STUDY METHODS Prediction of miRNAs targeted to PGC1α gene In the current study, we performed three steps as a pipeline for in-silico miRNA-mRNA study which is described in our previous study [15]. These three steps are target prediction, similarity analysis, and prediction of the binding site. Four miRNAs prediction tools (databases) were employed to predict miRNAs the target PGC1α gene namely MirTarget2 (www.mirdb.org), PicTar (http://pictar.mdc-berlin.de/), TargetScan (www.targetscan.org) and miRanda (http://microRNA.org). Thereafter, common miRNAs that were found in all four databases were selected as a candidate.
miRNA sequence similarity analysis The mature sequence of selected miRNA candidates was retrieved from miRbase (www.mirbase.org), followed by sequence similarity analysis between human (hsa) vs bovine (bta) miRNA. The major reason to perform this step is the unavailability of bovine miRNA primers. For individual primer assay, available commercial primers are for either human or for rodents. Therefore, for future miRNA profiling study using bovine sample this homologous human or rodent primers can be used.

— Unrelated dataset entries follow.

(* Let $S$ and $T$ be totally ordered sets, $x\in S$, $y\in T$, and let $Q$ be one of the subposets of $S\times T$ (product order) $$(x,y)^{\rightleftarrows}=\big(\{x\}\times\{t\in T:t\le y\}\big)\cup\big(\{s\in S:s\le x\}\times\{y\}\big),\qquad (x,y)^{\leftrightarrows}=\big(\{x\}\times\{t\in T:t\ge y\}\big)\cup\big(\{s\in S:s\ge x\}\times\{y\}\big).$$ If $M\colon Q\to\mathbf{Vec}$ is pointwise finite-dimensional and indecomposable, then $M\cong k_I$ for some interval $I\subseteq Q$.
   Context: Persistence modules over a poset are functors to $k$-vector spaces. An interval in $Q$ is a non-empty subset that is convex ($p\le q\le r$ with $p,r$ in it implies $q$ in it) and connected (any two elements are joined by a finite sequence of elements of the subset with consecutive elements comparable). $k_I$ is $k$ at points of $I$, $0$ elsewhere, with identity maps between points of $I$ and zero maps otherwise. *)

theory Defs
  imports Main HOL.Vector_Spaces "HOL-Library.Product_Order"
begin

text \<open>All vector spaces of a module are realised as
subspaces of one ambient k-vector space 'v (with scalar multiplication sc);
the structure maps are f q r : V q -> V r for q <= r.\<close>

definition pmod ::
  "('k::field \<Rightarrow> 'v::ab_group_add \<Rightarrow> 'v) \<Rightarrow> 'q::order set \<Rightarrow> ('q \<Rightarrow> 'v set)
   \<Rightarrow> ('q \<Rightarrow> 'q \<Rightarrow> 'v \<Rightarrow> 'v) \<Rightarrow> bool" where
  "pmod sc Q V f \<longleftrightarrow>
     (\<forall>q\<in>Q. module.subspace sc (V q)) \<and>
     (\<forall>q\<in>Q. \<forall>r\<in>Q. q \<le> r \<longrightarrow>
        (\<forall>v\<in>V q. f q r v \<in> V r) \<and>
        (\<forall>u\<in>V q. \<forall>v\<in>V q. f q r (u + v) = f q r u + f q r v) \<and>
        (\<forall>c. \<forall>v\<in>V q. f q r (sc c v) = sc c (f q r v))) \<and>
     (\<forall>q\<in>Q. \<forall>v\<in>V q. f q q v = v) \<and>
     (\<forall>q\<in>Q. \<forall>r\<in>Q. \<forall>s\<in>Q. q \<le> r \<longrightarrow> r \<le> s \<longrightarrow>
        (\<forall>v\<in>V q. f r s (f q r v) = f q s v))"

definition pfd ::
  "('k::field \<Rightarrow> 'v::ab_group_add \<Rightarrow> 'v) \<Rightarrow> 'q set \<Rightarrow> ('q \<Rightarrow> 'v set) \<Rightarrow> bool" where
  "pfd sc Q V \<longleftrightarrow> (\<forall>q\<in>Q. \<exists>B. finite B \<and> B \<subseteq> V q \<and> module.span sc B = V q)"

definition submod ::
  "('k::field \<Rightarrow> 'v::ab_group_add \<Rightarrow> 'v) \<Rightarrow> 'q::order set \<Rightarrow> ('q \<Rightarrow> 'v set)
   \<Rightarrow> ('q \<Rightarrow> 'q \<Rightarrow> 'v \<Rightarrow> 'v) \<Rightarrow> ('q \<Rightarrow> 'v set) \<Rightarrow> bool" where
  "submod sc Q V f A \<longleftrightarrow>
     (\<forall>q\<in>Q. module.subspace sc (A q) \<and> A q \<subseteq> V q) \<and>
     (\<forall>q\<in>Q. \<forall>r\<in>Q. q \<le> r \<longrightarrow> (\<forall>v\<in>A q. f q r v \<in> A r))"

definition indecomposable ::
  "('k::field \<Rightarrow> 'v::ab_group_add \<Rightarrow> 'v) \<Rightarrow> 'q::order set \<Rightarrow> ('q \<Rightarrow> 'v set)
   \<Rightarrow> ('q \<Rightarrow> 'q \<Rightarrow> 'v \<Rightarrow> 'v) \<Rightarrow> bool" where
  "indecomposable sc Q V f \<longleftrightarrow>
     pmod sc Q V f \<and> (\<exists>q\<in>Q. V q \<noteq> {0}) \<and>
     (\<forall>A B. submod sc Q V f A \<and> submod sc Q V f B \<and>
        (\<forall>q\<in>Q. \<forall>v\<in>V q. \<exists>a\<in>A q. \<exists>b\<in>B q. v = a + b) \<and>
        (\<forall>q\<in>Q. A q \<inter> B q = {0})
        \<longrightarrow> (\<forall>q\<in>Q. A q = {0}) \<or> (\<forall>q\<in>Q. B q = {0}))"
section \<open>Faces of the polytopes\<close>

lemma face_of_subpolytope:
  assumes "F face_of P" "F = convex hull T" "T \<subseteq> Q" "convex Q" "Q \<subseteq> P"
  shows "F face_of Q"
proof -
  have "F \<subseteq> Q" using assms(2-4) by (simp add: hull_minimal)
  then show ?thesis using face_of_subset assms(1,5) by blast
qed

lemma face_of_convex_hull_exposed:
  fixes G :: "'a::euclidean_space set"
  assumes "finite G" and face: "F face_of convex hull G"
  obtains a b where "convex hull G \<subseteq> {x. a \<bullet> x \<le> b}" "F = convex hull G \<inter> {x. a \<bullet> x = b}"
    "F = convex hull (G \<inter> {x. a \<bullet> x = b})"
proof -
  have "polytope (convex hull G)" unfolding polytope_def using assms(1) by blast
  then have "F exposed_face_of convex hull G"
    using exposed_face_of_polyhedron[OF polytope_imp_polyhedron] face by blast
  then have "\<exists>a b. convex hull G \<subseteq> {x. a \<bullet> x \<le> b} \<and> F = convex hull G \<inter> {x. a \<bullet> x = b}"
    unfolding exposed_face_of_def by (rule conjunct2)
  then obtain a b where ab: "convex hull G \<subseteq> {x. a \<bullet> x \<le> b}" "F = convex hull G \<inter> {x. a \<bullet> x = b}"
    by blast
  obtain S where S: "S \<subseteq> G" "F = convex hull S"
    using face_of_convex_hull_subset[OF finite_imp_compact[OF assms(1)] face] by blast
  have "S \<subseteq> F" unfolding S(2) by (rule hull_subset)
  then have "S \<subseteq> G \<inter> {x. a \<bullet> x = b}" using S(1) ab(2) by blast
  then have "F \<subseteq> convex hull (G \<inter> {x. a \<bullet> x = b})" unfolding S(2) by (rule hull_mono)
  moreover have "G \<inter> {x. a \<bullet> x = b} \<subseteq> F" using ab(2) hull_subset[of G convex] by blast
  then have "convex hull (G \<inter> {x. a \<bullet> x = b}) \<subseteq> F"
    using face_of_imp_convex[OF face] by (rule hull_minimal)
  ultimately have "F = convex hull (G \<inter> {x. a \<bullet> x = b})" by (rule equalityI)
  with ab show ?thesis by (rule that)
qed

lemma generators_inter_hyperplane:
  "(indvecs (m+1) \<union> wvecs) \<inter> {x. a \<bullet> x = b} = tight_points m (($) a) b"
proof -
  have "indvecs (m+1) \<inter> {x. a \<bullet> x = b} = {indvec B | B. card B = m+1 \<and> sum (($) a) B = b}"
    by (auto simp: indvecs_def inner_indvec)
  moreover have "wvecs \<inter> {x. a \<bullet> x = b} = {wvec p q | p q. p \<noteq> q \<and> pair_value (($) a) p q = b}"
    unfolding wvecs_def by (force simp: inner_wvec)
  ultimately show ?thesis by (simp add: tight_points_def Int_Un_distrib2)
qed
lemma primF_dilate_le:
  assumes "0 < \<alpha>" "\<alpha> \<le> 1"
  shows "primF f (\<alpha> * t) \<le> \<alpha> powr \<theta> * primF f t"
proof -
  define h where "h \<tau> = primF f (\<tau> * t) * \<tau> powr (- \<theta>)" for \<tau>
  have "h \<alpha> \<le> h 1"
  proof (rule DERIV_nonneg_imp_increasing_open[OF assms(2)])
    fix \<tau> assume "\<alpha> < \<tau>" "\<tau> < 1"
    then have \<tau>: "0 < \<tau>" using assms by auto
    have "(h has_real_derivative
        f (\<tau> * t) * t * \<tau> powr (- \<theta>) + primF f (\<tau> * t) * (- \<theta> * \<tau> powr (- \<theta> - 1))) (at \<tau>)"
      unfolding h_def[abs_def]
      by (rule derivative_eq_intros DERIV_chain2[OF has_real_derivative_primF[OF cont]] | use \<tau> in simp)+
    moreover have "f (\<tau> * t) * t * \<tau> powr (- \<theta>) + primF f (\<tau> * t) * (- \<theta> * \<tau> powr (- \<theta> - 1))
        = \<tau> powr (- \<theta> - 1) * ((\<tau> * t) * f (\<tau> * t) - \<theta> * primF f (\<tau> * t))"
      using \<tau> by (simp add: powr_diff algebra_simps)
    moreover have "0 \<le> \<tau> powr (- \<theta> - 1) * ((\<tau> * t) * f (\<tau> * t) - \<theta> * primF f (\<tau> * t))"
      using theta_primF_le[of "\<tau> * t"] by simp
    ultimately show "\<exists>y. (h has_real_derivative y) (at \<tau>) \<and> 0 \<le> y"
      by auto
  next
    show "continuous_on {\<alpha>..1} h"
      unfolding h_def using assms
      by (intro continuous_intros continuous_on_compose2[OF continuous_on_primF[OF cont]]) auto
  qed
  then show ?thesis
    using assms by (simp add: h_def powr_minus field_simps)
qed

lemma primF_dilate_le_3_minus_mu:
  assumes "0 < \<alpha>" "\<alpha> \<le> 1"
  shows "primF f (\<alpha> * t) \<le> \<alpha> powr (3 - \<mu>) * primF f t"
proof -
  have "\<alpha> powr \<theta> * primF f t \<le> \<alpha> powr (3 - \<mu>) * primF f t"
    using assms theta primF_nonneg by (intro mult_right_mono powr_mono') auto
  then show ?thesis
    using primF_dilate_le[OF assms, of t] by linarith
qed

lemma tilde_primF_dilate_le:
  assumes "0 < \<alpha>" "\<alpha> \<le> 1"
  shows "tilde_primF \<mu> f (\<alpha> * t) \<le> \<alpha> powr (3 - \<mu>) * tilde_primF \<mu> f t"
proof (cases "t = 0 \<or> \<alpha> = 1")
  case True
  then show ?thesis by (auto simp: tilde_primF_def)
next
  case False
  then have "\<alpha> < 1" "t \<noteq> 0"
    using assms by auto
  then have "tilde_primF \<mu> f (\<alpha> * t) / \<bar>\<alpha> * t\<bar> powr (3 - \<mu>) \<le> tilde_primF \<mu> f t / \<bar>t\<bar> powr (3 - \<mu>)"
    using assms tilde_primF_mono_pos[of "\<alpha> * t" t] tilde_primF_mono_neg[of t "\<alpha> * t"]
    by (cases "0 < t") (auto simp: mult_less_0_iff)
  moreover have "\<bar>\<alpha> * t\<bar> powr (3 - \<mu>) = \<alpha> powr (3 - \<mu>) * \<bar>t\<bar> powr (3 - \<mu>)"
    using assms by (simp add: abs_mult powr_mult)
  ultimately show ?thesis
    using assms \<open>t \<noteq> 0\<close> by (simp add: divide_le_eq field_simps)
qed

lemma primF_dilate_le_self: "0 < \<alpha> \<Longrightarrow> \<alpha> \<le> 1 \<Longrightarrow> primF f (\<alpha> * t) \<le> primF f t"
  using primF_dilate_le_3_minus_mu[of \<alpha> t] primF_nonneg[of t] mu_less_2
  by (smt (verit) mult_left_le_one_le powr_ge_zero powr_le1)

lemma tilde_primF_dilate_le_self:
  "0 < \<alpha> \<Longrightarrow> \<alpha> \<le> 1 \<Longrightarrow> tilde_primF \<mu> f (\<alpha> * t) \<le> tilde_primF \<mu> f t"
  using tilde_primF_dilate_le[of \<alpha> t] tilde_primF_nonneg[of t] mu_less_2
  by (smt (verit) mult_left_le_one_le powr_ge_zero powr_le1)

lemma tilde_primF_mult_primF_dilate_le:
  assumes "0 < \<alpha>" "\<alpha> \<le> 1"
  shows "tilde_primF \<mu> f (\<alpha> * s) * primF f (\<alpha> * t) \<le> \<alpha> powr (6 - 2 * \<mu>) * (tilde_primF \<mu> f s * primF f t)"
proof -
  have "tilde_primF \<mu> f (\<alpha> * s) * primF f (\<alpha> * t)
      \<le> (\<alpha> powr (3 - \<mu>) * tilde_primF \<mu> f s) * (\<alpha> powr (3 - \<mu>) * primF f t)"
    by (intro mult_mono tilde_primF_dilate_le[OF assms] primF_dilate_le_3_minus_mu[OF assms])
      (simp_all add: primF_nonneg tilde_primF_nonneg)
  also have "\<dots> = \<alpha> powr ((3 - \<mu>) + (3 - \<mu>)) * (tilde_primF \<mu> f s * primF f t)"
    by (simp only: powr_add mult_ac)
  finally show ?thesis
    by (simp add: algebra_simps)
qed

lemma borel_measurable_f [measurable]: "f \<in> borel_measurable borel"
  using cont by (rule borel_measurable_continuous_onI)
(* Let $M\in\mathcal{B}_{\infty}$ be such that $\mu(M)<\infty$. Then, $L^{p}(M,\mu)$ is separable for every $1\leq p <\infty$.
   Context: Let $\mathcal{B}$ be the Borel $\sigma$-algebra of $\mathbb{R}$, $\lambda$ the Lebesgue measure, and $\mathcal{B}_{\infty}$ the $\sigma$-algebra on $\mathbb{R}^{\mathbb{N}}$ generated by the cylinder sets $\prod_{i=1}^{m}C_{i}\times\prod_{i=m+1}^{\infty}\mathbb{R}$ with $C_i\in\mathcal{B}$, $m\in\mathbb{N}$. Let $\mathcal{F}(\mathcal{B},\lambda)$ be the set of finite rectangles $\prod_{i\in\mathbb{N}}C_{i}$ with $C_i\in\mathcal{B}$ and $\prod_{i}\lambda(C_i)\in[0,\infty)$, with $\mathrm{vol}(\prod_{i}C_i):=\prod_i\lambda(C_i)$. The measure $\mu$ is the restriction to $\mathcal{B}_{\infty}$ of the outer measure $\mu^{\ast}(A):=\inf\{\sum_{n}\mathrm{vol}(\mathscr{C}_{n}) : \mathscr{C}_{n}\in\mathcal{F}(\mathcal{B},\lambda),\ A\subset\bigcup_{n}\mathscr{C}_{n}\}$ ($\inf\varnothing=\infty$). *)

theory Defs
  imports "HOL-Analysis.Analysis"
begin

definition cylinders :: "(nat \<Rightarrow> real) set set" where
  "cylinders = {{x. \<forall>i<m. x i \<in> C i} | m C. \<forall>i<m. C i \<in> sets borel}"

definition B_inf :: "(nat \<Rightarrow> real) set set" where
  "B_inf = sigma_sets UNIV cylinders"

definition rect_vol_conv :: "(nat \<Rightarrow> real set) \<Rightarrow> ennreal \<Rightarrow> bool" where
  "rect_vol_conv C v \<longleftrightarrow> (\<lambda>n. \<Prod>i<n. emeasure lborel (C i)) \<longlonglongrightarrow> v"

definition fin_rects :: "(nat \<Rightarrow> real set) set" where
  "fin_rects = {C. (\<forall>i. C i \<in> sets borel) \<and> (\<exists>v. rect_vol_conv C v \<and> v < \<infinity>)}"

definition rect :: "(nat \<Rightarrow> real set) \<Rightarrow> (nat \<Rightarrow> real) set" where
  "rect C = {x. \<forall>i. x i \<in> C i}"
definition local_vars :: "nat \<Rightarrow> (nat \<Rightarrow> ('v \<times> 'v) set) \<Rightarrow> (nat \<times> ('v \<times> 'v) \<times> bool) set" where
  "local_vars K Ek = Sigma {1..K} (\<lambda>k. Ek k \<times> UNIV)"

definition local_cost ::
  "nat \<Rightarrow> (nat \<Rightarrow> ('v \<times> 'v) set) \<Rightarrow> (nat \<Rightarrow> 'v flow) \<Rightarrow> (nat \<Rightarrow> 'v flow) \<times> 'v flow \<Rightarrow> real" where
  "local_cost K Ek ck p = (\<Sum>(k, e, b)\<in>local_vars K Ek. ck k e b * fst p k e b)"

definition consistency_gap :: "nat \<times> ('v \<times> 'v) \<times> bool \<Rightarrow> (nat \<Rightarrow> 'v flow) \<times> 'v flow \<Rightarrow> real" where
  "consistency_gap l p = (case l of (k, e, b) \<Rightarrow> fst p k e b - snd p e b)"

definition relaxation_constraints ::
  "('v \<times> 'v) set \<Rightarrow> ('v \<times> 'v \<Rightarrow> int) \<Rightarrow> nat \<Rightarrow> (nat \<Rightarrow> ('v \<times> 'v) set) \<Rightarrow> (nat \<Rightarrow> 'v path set)
     \<Rightarrow> (((nat \<Rightarrow> 'v flow) \<times> 'v flow \<Rightarrow> real) \<times> real) set" where
  "relaxation_constraints E dp K Ek Gk =
     (\<Union>(k, e, b)\<in>local_vars K Ek. range_constraints (\<lambda>p. fst p k e b) 0 1)
     \<union> (\<Union>(e, b)\<in>E \<times> UNIV. range_constraints (\<lambda>p. snd p e b) 0 1)
     \<union> (\<Union>(k, C)\<in>Sigma {1..K} Gk.
          range_constraints (\<lambda>p. path_flow_sum (fst p k) C)
            (path_offset_sum dp C) (path_offset_sum dp C))"

lemma finite_local_vars: "(\<And>k. k \<in> {1..K} \<Longrightarrow> finite (Ek k)) \<Longrightarrow> finite (local_vars K Ek)"
  by (auto simp: local_vars_def intro!: finite_SigmaI)

lemma finite_relaxation_constraints:
  assumes "finite E" and "\<And>k. k \<in> {1..K} \<Longrightarrow> finite (Ek k) \<and> finite (Gk k)"
  shows "finite (relaxation_constraints E dp K Ek Gk)"
  using assms finite_local_vars[of K Ek]
  by (auto simp: relaxation_constraints_def intro!: finite_UN_I finite_SigmaI split: prod.splits)

lemma linear_relaxation_constraints:
  "\<forall>i\<in>relaxation_constraints E dp K Ek Gk. linear (fst i)"
proof -
  have linear_fst_k: "linear (\<lambda>p :: (nat \<Rightarrow> 'v flow) \<times> 'v flow. fst p k)" for k
    by (intro linearI) simp_all
  have linear_path_flow_sum_k: "linear (\<lambda>p :: (nat \<Rightarrow> 'v flow) \<times> 'v flow. path_flow_sum (fst p k) C)"
    for k C
    using linear_compose[OF linear_fst_k linear_path_flow_sum] by (simp add: comp_def)
  show ?thesis
    by (simp add: relaxation_constraints_def ball_Un ball_UN case_prod_unfold
        linear_range_constraints_iff linear_fst_k linear_path_flow_sum_k linearI)
qed

lemma relaxation_constraints_iff:
  "(\<forall>i\<in>relaxation_constraints E dp K Ek Gk. snd i \<le> fst i p) \<longleftrightarrow> p \<in> relaxation_feasible E dp K Ek Gk"
  by (simp add: relaxation_constraints_def relaxation_feasible_def local_vars_def Aset_def
      ball_Un ball_UN case_prod_unfold range_constraints_iff)
    (auto simp: Ball_def intro: order.antisym)

lemma local_cost_recession:
  assumes "\<forall>i\<in>relaxation_constraints E dp K Ek Gk. 0 \<le> fst i p"
  shows "local_cost K Ek ck p = 0"
proof -
  have "\<forall>l\<in>local_vars K Ek. fst p (fst l) (fst (snd l)) (snd (snd l)) = 0"
    using assms by (simp add: relaxation_constraints_def ball_Un ball_UN case_prod_unfold
        range_constraints_homogeneous_iff)
  then show ?thesis
    by (simp add: local_cost_def case_prod_beta')
qed

lemma linear_local_cost: "linear (local_cost K Ek ck)"
  unfolding local_cost_def
  by (intro linearI) (simp_all add: case_prod_beta' sum.distrib sum_distrib_left algebra_simps)

lemma linear_consistency_gap: "linear (consistency_gap l)"
  by (intro linearI) (simp_all add: consistency_gap_def right_diff_distrib split: prod.splits)

lemma lagrangian_eq_local_cost:
  assumes "\<And>k. k \<in> {1..K} \<Longrightarrow> finite (Ek k)"
  shows "lagrangian K Ek ck (\<lambda>k e b. \<mu> (k, e, b)) (fst p) (snd p)
    = local_cost K Ek ck p + (\<Sum>l\<in>local_vars K Ek. \<mu> l * consistency_gap l p)"
proof -
  have "lagrangian K Ek ck (\<lambda>k e b. \<mu> (k, e, b)) (fst p) (snd p)
      = (\<Sum>(k, e, b)\<in>local_vars K Ek. ck k e b * fst p k e b + \<mu> (k, e, b) * (fst p k e b - snd p e b))"
    unfolding lagrangian_def local_vars_def using assms by (subst sum_Sigma_times_UNIV) auto
  then show ?thesis
    by (simp add: local_cost_def consistency_gap_def sum.distrib case_prod_unfold)
qed

lemma LP_le_local_cost:
  fixes K :: nat
  assumes "finite E" and cover: "(\<Union>k\<in>{1..K}. Ek k) = E"
    and subpaths: "\<forall>k\<in>{1..K}. \<forall>C\<in>Gk k. closed_path (Ek k) C"
    and split: "\<forall>e\<in>E. \<forall>b. (\<Sum>k\<in>{k\<in>{1..K}. e \<in> Ek k}. ck k e b) = c e b"
    and consistent: "(\<Inter>k\<in>{1..K}. Aset dp (Gk k)) \<subseteq> Aset dp \<Gamma>"
    and feasible: "p \<in> relaxation_feasible E dp K Ek Gk"
    and agree: "\<forall>l\<in>local_vars K Ek. consistency_gap l p = 0"
  shows "LP E \<Gamma> dp c \<le> ereal (local_cost K Ek ck p)"
proof -
  obtain ds d where p: "p = (ds, d)"
    by force
  have agree': "ds k e b = d e b" if "k \<in> {1..K}" "e \<in> Ek k" for k e b
    using agree that by (auto simp: p local_vars_def consistency_gap_def)
  have box: "\<forall>e\<in>E. \<forall>b. d e b \<in> {0..1}" and ds: "\<And>k. k \<in> {1..K} \<Longrightarrow> ds k \<in> Aset dp (Gk k)"
    using feasible by (auto simp: p relaxation_feasible_def)
  have "d \<in> Aset dp (Gk k)" if "k \<in> {1..K}" for k
    unfolding Aset_def
  proof (intro CollectI ballI)
    fix C assume "C \<in> Gk k"
    then have "path_flow_sum d C = path_flow_sum (ds k) C"
      using subpaths agree' that by (intro path_flow_sum_cong) (auto simp: closed_path_def)
    then show "path_flow_sum d C = path_offset_sum dp C"
      using ds[OF that] \<open>C \<in> Gk k\<close> by (simp add: Aset_def)
  qed
  then have "d \<in> Aset dp \<Gamma>"
    using consistent by blast
  then have "LP E \<Gamma> dp c \<le> ereal (cost E c d)"
    unfolding LP_def using box by (intro INF_lower) simp
  also have "cost E c d = (\<Sum>k\<in>{1..K}. \<Sum>e\<in>Ek k. \<Sum>b\<in>UNIV. ck k e b * d e b)"
    by (rule cost_split[OF assms(1) cover split, symmetric])
  also have "\<dots> = local_cost K Ek ck p"
    unfolding local_cost_def local_vars_def p using cover \<open>finite E\<close> agree'
    by (subst sum_Sigma_times_UNIV) (auto intro!: sum.cong intro: finite_subset)
  finally show ?thesis .
qed

lemma lagrangian_dual_le_LR:
  assumes "\<And>k. k \<in> {1..K} \<Longrightarrow> finite (Ek k)"
  shows "(SUP \<mu>. INF p\<in>relaxation_feasible E dp K Ek Gk.
      ereal (local_cost K Ek ck p + (\<Sum>l\<in>local_vars K Ek. \<mu> l * consistency_gap l p)))
    \<le> LR E dp K Ek Gk ck"
  unfolding LR_eq_SUP_INF
proof (rule SUP_mono)
  fix \<mu> :: "nat \<times> ('a \<times> 'a) \<times> bool \<Rightarrow> real"
  have "lagrangian K Ek ck (\<lambda>k e b. \<mu> (k, e, b)) (fst p) (snd p)
      = local_cost K Ek ck p + (\<Sum>l\<in>local_vars K Ek. \<mu> l * consistency_gap l p)" for p
    by (rule lagrangian_eq_local_cost[OF assms])
  then show "\<exists>lam\<in>UNIV. (INF p\<in>relaxation_feasible E dp K Ek Gk.
      ereal (local_cost K Ek ck p + (\<Sum>l\<in>local_vars K Ek. \<mu> l * consistency_gap l p)))
    \<le> (INF p\<in>relaxation_feasible E dp K Ek Gk. ereal (lagrangian K Ek ck lam (fst p) (snd p)))"
    by (intro bexI[of _ "\<lambda>k e b. \<mu> (k, e, b)"]) simp_all
qed

lemma LP_le_LR:
  fixes K :: nat
  assumes "finite E" and cover: "(\<Union>k\<in>{1..K}. Ek k) = E"
    and fin_Gk: "\<And>k. k \<in> {1..K} \<Longrightarrow> finite (Gk k)"
    and subpaths: "\<forall>k\<in>{1..K}. \<forall>C\<in>Gk k. closed_path (Ek k) C"
    and split: "\<forall>e\<in>E. \<forall>b. (\<Sum>k\<in>{k\<in>{1..K}. e \<in> Ek k}. ck k e b) = c e b"
    and consistent: "(\<Inter>k\<in>{1..K}. Aset dp (Gk k)) \<subseteq> Aset dp \<Gamma>"
  shows "LP E \<Gamma> dp c \<le> LR E dp K Ek Gk ck"
proof -
  have fin_Ek: "finite (Ek k)" if "k \<in> {1..K}" for k
    using cover \<open>finite E\<close> that by (metis UN_upper finite_subset)
  let ?P = "relaxation_constraints E dp K Ek Gk" and ?L = "local_vars K Ek"
  have "LP E \<Gamma> dp c \<le> (INF p\<in>{p. (\<forall>i\<in>?P. snd i \<le> fst i p) \<and> (\<forall>l\<in>?L. consistency_gap l p = 0)}.
      ereal (local_cost K Ek ck p))"
    using LP_le_local_cost[OF assms(1,2,4,5,6)]
    by (auto intro: INF_greatest simp: relaxation_constraints_iff)
  also have "\<dots> \<le> (SUP \<mu>. INF p\<in>{p. \<forall>i\<in>?P. snd i \<le> fst i p}.
      ereal (local_cost K Ek ck p + (\<Sum>l\<in>?L. \<mu> l * consistency_gap l p)))"
  proof (rule lp_lagrangian_duality)
    show "finite ?P"
      using fin_Ek fin_Gk by (intro finite_relaxation_constraints[OF assms(1)]) auto
    show "finite ?L"
      using fin_Ek by (rule finite_local_vars)
    show "linear (fst i)" if "i \<in> ?P" for i
      using linear_relaxation_constraints that by blast
    show "0 \<le> local_cost K Ek ck p" if "\<forall>i\<in>?P. 0 \<le> fst i p" for p
      using local_cost_recession[OF that] by simp
  qed (simp_all add: linear_consistency_gap linear_local_cost)
  also have "\<dots> \<le> LR E dp K Ek Gk ck"
    using lagrangian_dual_le_LR[OF fin_Ek] by (simp add: relaxation_constraints_iff)
  finally show ?thesis .
qed

theorem theorem2:
  fixes V :: "'v set" and E :: "('v \<times> 'v) set"
    and \<Gamma> :: "'v path set" and dp :: "'v \<times> 'v \<Rightarrow> int" and c :: "'v flow"
    and K :: nat and Ek :: "nat \<Rightarrow> ('v \<times> 'v) set" and Gk :: "nat \<Rightarrow> 'v path set"
    and ck :: "nat \<Rightarrow> 'v flow"
  assumes finV: "finite V"
    and EV: "E \<subseteq> V \<times> V"
    and conn: "connected_graph V E"
    and finG: "finite \<Gamma>"
    and paths: "\<forall>C\<in>\<Gamma>. closed_path E C"
    and indep: "independent_paths \<Gamma>"
    and span: "spans_cycle_space V E \<Gamma>"
    and cover: "(\<Union>k\<in>{1..K}. Ek k) = E"
    and subG: "\<forall>k\<in>{1..K}. Gk k \<subseteq> \<Gamma>"
    and subpaths: "\<forall>k\<in>{1..K}. \<forall>C\<in>Gk k. closed_path (Ek k) C"
    and split: "\<forall>e\<in>E. \<forall>b. (\<Sum>k\<in>{k\<in>{1..K}. e \<in> Ek k}. ck k e b) = c e b"
  shows "LR E dp K Ek Gk ck \<le> PU E \<Gamma> dp c \<and>
         ((\<Inter>k\<in>{1..K}. Aset dp (Gk k)) = Aset dp \<Gamma> \<longrightarrow> LR E dp K Ek Gk ck = PU E \<Gamma> dp c)"
proof -
  have "finite E"
    using finite_subset[OF EV] finV by simp
  have LR_le_LP: "LR E dp K Ek Gk ck \<le> LP E \<Gamma> dp c"
    by (rule LR_le_LP[OF \<open>finite E\<close> cover subG split])
  have PU_eq_LP: "PU E \<Gamma> dp c = LP E \<Gamma> dp c"
    by (rule PU_eq_LP[OF \<open>finite E\<close> EV conn paths span])
  have "LP E \<Gamma> dp c \<le> LR E dp K Ek Gk ck" if "(\<Inter>k\<in>{1..K}. Aset dp (Gk k)) = Aset dp \<Gamma>"
  proof (rule LP_le_LR[OF \<open>finite E\<close> cover _ subpaths split])
    show "finite (Gk k)" if "k \<in> {1..K}" for k
      using subG finG that by (meson finite_subset)
  qed (use that in simp)
  then show ?thesis
    using LR_le_LP PU_eq_LP by auto
qed

end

Prediction of miRNA binding sites in PGC1α 3’UTR mRNA Finally, miRNAs which have 100% identical sequence between human vs bovine, proceeded to 3’UTR mRNA binding sites (seeding region) prediction using STarMir (http://sfold.wadsworth.org/cgi-bin/starmir.pl). In this study, FASTA sequence of bovine PGC1α 3’UTR mRNA transcript variant X1 was obtained from NCBI (https://www.ncbi.nlm.nih.gov/; Gene ID: 338446; accession XM_015471550.1).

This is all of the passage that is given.